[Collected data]
(* Let $0\le r<1$. In the RRH with redirection parameter $r$, for every fixed integer $k\ge 1$, $$\lim_{N\to\infty}\frac{\mathbb{E}[\mathcal{N}_k(N)]}{N}=\frac{1-r}{(k-r+1)(k-r)}.$$
   Context: The RRH with redirection parameter $r\in[0,1)$ is the following random hypergraph process. At size $N=1$ it has vertex set $\{v_1\}$ and edge set $\{\{v_1\}\}$. Given the hypergraph of size $N$ (vertices $v_1,\dots,v_N$, $N$ edges), choose an existing edge $e$ uniformly at random and add a new vertex $v_{N+1}$ and one new edge, as follows. If $e=\{v_1\}$, the new edge is $\{v_1,v_{N+1}\}$. Otherwise write $e=\{v_{i_1},\dots,v_{i_n}\}$ with $1=i_1<\dots<i_n$, $n\ge2$; independently, with probability $1-r$ the new edge is $e\cup\{v_{N+1}\}$ and with probability $r$ it is $\{v_{i_1},\dots,v_{i_{n-1}},v_{N+1}\}$. The degree of a vertex is the number of edges containing it; $\mathcal{N}_k(N)$ is the number of vertices of degree $k$ at size $N$. *)

theory Defs
  imports "HOL-Probability.Probability"
begin

text \<open>A hypergraph of size N is represented by its list of edges (length N);
  vertex v_i is the natural number i, so the vertex set is {1..N}.
  The i-th edge of the list (0-based) is the one added when going to size i+1.\<close>

type_synonym hg = "nat set list"

definition rrh_step :: "real \<Rightarrow> hg \<Rightarrow> hg pmf" where
  "rrh_step r es =
     bind_pmf (pmf_of_set {..<length es}) (\<lambda>i.
       let e = es ! i; v = length es + 1 in
       if e = {1} then return_pmf (es @ [{1, v}])
       else bind_pmf (bernoulli_pmf r) (\<lambda>b.
         return_pmf (es @ [if b then insert v (e - {Max e}) else insert v e])))"

text \<open>Distribution of the RRH at size N (N \<ge> 1); size 0 is a dummy equal to size 1.\<close>
fun rrh :: "real \<Rightarrow> nat \<Rightarrow> hg pmf" where
  "rrh r 0 = return_pmf [{1}]"
| "rrh r (Suc 0) = return_pmf [{1}]"
| "rrh r (Suc (Suc n)) = bind_pmf (rrh r (Suc n)) (rrh_step r)"

definition hdeg :: "hg \<Rightarrow> nat \<Rightarrow> nat" where
  "hdeg es v = card {i. i < length es \<and> v \<in> es ! i}"

definition Nk :: "nat \<Rightarrow> hg \<Rightarrow> nat" where
  "Nk k es = card {v \<in> {1..length es}. hdeg es v = k}"

end

theory Submission
  imports Defs
begin

text \<open>
  The root v_1 lies in every edge and the newest vertex in exactly one, so only the vertices
  u = 2, \<dots>, N matter. Such a u is the largest element of exactly one edge, the one created
  together with it, and redirection can only drop u from a copy of that edge. Hence u joins the
  new edge with probability (deg u - r) / N, and the means a_k(N) = E[N_k(N)] satisfy,
  for N > k,
    a_k(N+1) = (1 - (k - r)/N) a_k(N) + (k - 1 - r)/N a_(k-1)(N) + [k = 1].
  A recurrence x(N+1) = (1 - \<alpha>/N) x(N) + b(N) with b(N) \<rightarrow> \<beta> forces
  x(N)/N \<rightarrow> \<beta>/(1 + \<alpha>), because N |x(N)/N - \<beta>/(1 + \<alpha>)| grows sublinearly;
  induction on k gives the limits.
\<close>

lemma sublinear_if_increments_tendsto_zero:
  fixes y e :: "nat \<Rightarrow> real"
  assumes step: "\<forall>\<^sub>F n in sequentially. y (Suc n) \<le> y n + e n"
    and e: "e \<longlonglongrightarrow> 0" and nonneg: "\<And>n. 0 \<le> y n"
  shows "(\<lambda>n. y n / n) \<longlonglongrightarrow> 0"
proof (rule LIMSEQ_I)
  fix \<epsilon> :: real assume "\<epsilon> > 0"
  then have "\<forall>\<^sub>F n in sequentially. y (Suc n) \<le> y n + e n \<and> e n < \<epsilon> / 2"
    using step order_tendstoD(2)[OF e, of "\<epsilon> / 2"] by (auto elim: eventually_elim2)
  then obtain M where M: "\<And>n. n \<ge> M \<Longrightarrow> y (Suc n) \<le> y n + \<epsilon> / 2"
    unfolding eventually_sequentially by force
  have linear_bound: "y n \<le> y M + n * (\<epsilon> / 2)" if "n \<ge> M" for n
    using that
  proof (induction n rule: dec_induct)
    case base
    then show ?case using \<open>\<epsilon> > 0\<close> by simp
  next
    case (step n)
    then show ?case using M[of n] by (simp add: field_simps)
  qed
  obtain M' :: nat where M': "M' > 2 * y M / \<epsilon>"
    using reals_Archimedean2 by blast
  show "\<exists>n0. \<forall>n\<ge>n0. norm (y n / n - 0) < \<epsilon>"
  proof (intro exI allI impI)
    fix n assume n: "n \<ge> max M (Suc M')"
    then have n_pos: "real n > 0" and "real n > 2 * y M / \<epsilon>"
      using M' by auto
    then have "y M / n < \<epsilon> / 2"
      using \<open>\<epsilon> > 0\<close> by (simp add: field_simps)
    moreover have "y n / n \<le> y M / n + \<epsilon> / 2"
      using linear_bound[of n] n n_pos \<open>\<epsilon> > 0\<close> by (simp add: field_simps)
    ultimately have "y n / n < \<epsilon>"
      by linarith
    then show "norm (y n / n - 0) < \<epsilon>"
      using nonneg[of n] by simp
  qed
qed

## WORK INSTRUCTIONS
The answer must consist of every line from the entries above that contains "norm".

## FINISHED TASK
  show "\<exists>n0. \<forall>n\<ge>n0. norm (y n / n - 0) < \<epsilon>"
    then show "norm (y n / n - 0) < \<epsilon>"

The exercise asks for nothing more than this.